136,542. Rice, A. S. Dec. 7, 1918, [Convention date]. Heating by electricity.-In a portable waterheating apparatus, particularly adapted for use on motor-vehicles, the heat required is derived from an internal-combustion engine both directly from the cylinder jackets and indirectly by means of electric heaters supplied with current from a generator driven by the engine, further heat, if desired, being derived from the exhaust gases. In the construction shown, which is applied to a motor-car, a clutch 38 is employed so that the transmission shaft 3 can be connected either to the rear drive 4 when the vehicle is running or to the generator 34 when the vehicle is stationary. In the former case, the water from the tank 14 is used in the ordinary way for cooling the engine 2 by circulating through an outflow pipe 9 to a pump 10, thence by a pipe 11 to the cylinder jackets, thence by a pipe 12 to the radiator 8, and returning by a pipe 13 to the tank. When the vehicle is stationary, and hot water is required, the radiator 8 is cut out of the circuit by means of a threeway cock 27 in the pipe 12, and the water returns by a pipe 26 to the tank 14. Arranged in or around the pipe 9 is an electric heater 31, and in or around the pipe 26 an electric heater 32 and an additional heater 22 warmed by the exhaust gases passed through a pipe 17. The exhaust gases may be by-passed by a three-way cock 18 through a short pipe 19, so that no heating at all occurs when the vehicle is running.

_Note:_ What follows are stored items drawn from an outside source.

lemma prod_square_ratio_telescope:
  fixes F :: "nat \<Rightarrow> 'a :: field"
  assumes "\<And>j. F j \<noteq> 0"
  shows "(\<Prod>k<n. (F k ^ 2 / F (k + 1)) ^ 2 ^ (n - 1 - k)) = F 0 ^ 2 ^ n / F n"
proof (induction n)
  case 0
  then show ?case
    using assms[of 0] by simp
next
  case (Suc n)
  have "(F k ^ 2 / F (k + 1)) ^ 2 ^ (Suc n - 1 - k) = ((F k ^ 2 / F (k + 1)) ^ 2 ^ (n - 1 - k)) ^ 2"
    if "k < n" for k
  proof -
    have "Suc n - 1 - k = Suc (n - 1 - k)"
      using that by simp
    then show ?thesis
      by (simp add: power_mult[symmetric] mult.commute)
  qed
  then have "(\<Prod>k<Suc n. (F k ^ 2 / F (k + 1)) ^ 2 ^ (Suc n - 1 - k))
      = (\<Prod>k<n. ((F k ^ 2 / F (k + 1)) ^ 2 ^ (n - 1 - k)) ^ 2) * (F n ^ 2 / F (n + 1))"
    by simp
  also have "\<dots> = (F 0 ^ 2 ^ n / F n) ^ 2 * (F n ^ 2 / F (n + 1))"
    by (simp only: prod_power_distrib[symmetric] Suc.IH)
  also have "\<dots> = F 0 ^ 2 ^ Suc n / F (Suc n)"
    using assms[of n] by (simp add: power_divide power_mult[symmetric] mult.commute)
  finally show ?case .
qed

lemma prod_square_ratio_telescope_periodic:
  fixes F :: "nat \<Rightarrow> 'a :: field"
  assumes "\<And>j. F j \<noteq> 0" and "F n = F 0"
  shows "(\<Prod>k<n. (F k ^ 2 / F (k + 1)) ^ 2 ^ (n - 1 - k)) = F 0 ^ (2 ^ n - 1)"
  using prod_square_ratio_telescope[of F n, OF assms(1)] assms power_diff[of "F 0" 1 "2 ^ n"] by simp

theorem theorem3:
  fixes r :: nat and a :: "nat \<Rightarrow> nat" and f :: "(nat \<Rightarrow> int) \<Rightarrow> rat" and x :: "nat \<Rightarrow> int"
  assumes "\<forall>k<r. a k > 0"
    and "odd (gexp r a)"
    and "x \<in> supp_fhat r a f"
  shows "(\<forall>k<totient (gexp r a). M2hat r a f (gsmul r a (2 ^ (k + 1)) x) \<noteq> 0)
    \<and> fhat r a f x ^ (2 ^ totient (gexp r a) - 1) =
      (\<Prod>k<totient (gexp r a).
         (M3hat r a f (gsmul r a (2 ^ k) x) (gsmul r a (2 ^ k) x)
            / M2hat r a f (gsmul r a (2 ^ (k + 1)) x)) ^ (2 ^ (totient (gexp r a) - 1 - k)))"
proof -
  define N where "N = gexp r a"
  define t where "t = totient N"
  define F where "F j = fhat r a f (gsmul r a (2 ^ j) x)" for j
  have dvd: "\<forall>k<r. a k dvd N"
    unfolding N_def using assms(1) by (auto intro: dvd_gexp)
  have x: "x \<in> grp r a" "fhat r a f x \<noteq> 0"
    using assms(3) by (auto simp: supp_fhat_def)
  have F_neq_0: "F j \<noteq> 0" for j
    unfolding F_def using dvd assms(2) x unfolding N_def by (rule fhat_gsmul_two_power_neq_0)
  have F_0: "fhat r a f x = F 0"
    unfolding F_def power_0 gsmul_1[OF x(1)] ..
  have "[2 ^ t = 1] (mod N)"
    unfolding t_def by (rule euler_theorem) (use assms(2) in \<open>simp add: N_def coprime_commute\<close>)
  then have "F t = F 0"
    unfolding F_def by (intro fhat_gsmul_cong[OF dvd]) simp
  have ratio: "M3hat r a f (gsmul r a (2 ^ k) x) (gsmul r a (2 ^ k) x)
      / M2hat r a f (gsmul r a (2 ^ (k + 1)) x) = F k ^ 2 / F (k + 1)" for k
    using M3hat_div_M2hat_gsmul[of r a f "2 ^ k" x] F_neq_0[of "k + 1"] by (simp add: F_def)
  have "M2hat r a f (gsmul r a (2 ^ (k + 1)) x) \<noteq> 0" for k
    using F_neq_0[of "k + 1"] unfolding F_def M2hat_eq by simp
  then show ?thesis
    unfolding N_def[symmetric] t_def[symmetric] ratio F_0
      prod_square_ratio_telescope_periodic[OF F_neq_0 \<open>F t = F 0\<close>]
    by blast
qed

end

In order to fill the tank 14 initially, the pipe 9 is connected by a three-way cock 23 to a supply pipe 25, the water flowing through the pump 10, pipe 11, cylinder jackets, and pipe 26 to the tank 14, which it reaches in a slightly heated state. Instantaneously heated water may be drawn off from the pipe 26 through a hose pipe 30 which is connected as an alternative to the tank 14 to the pipe 26 by means of a three-way cock 28.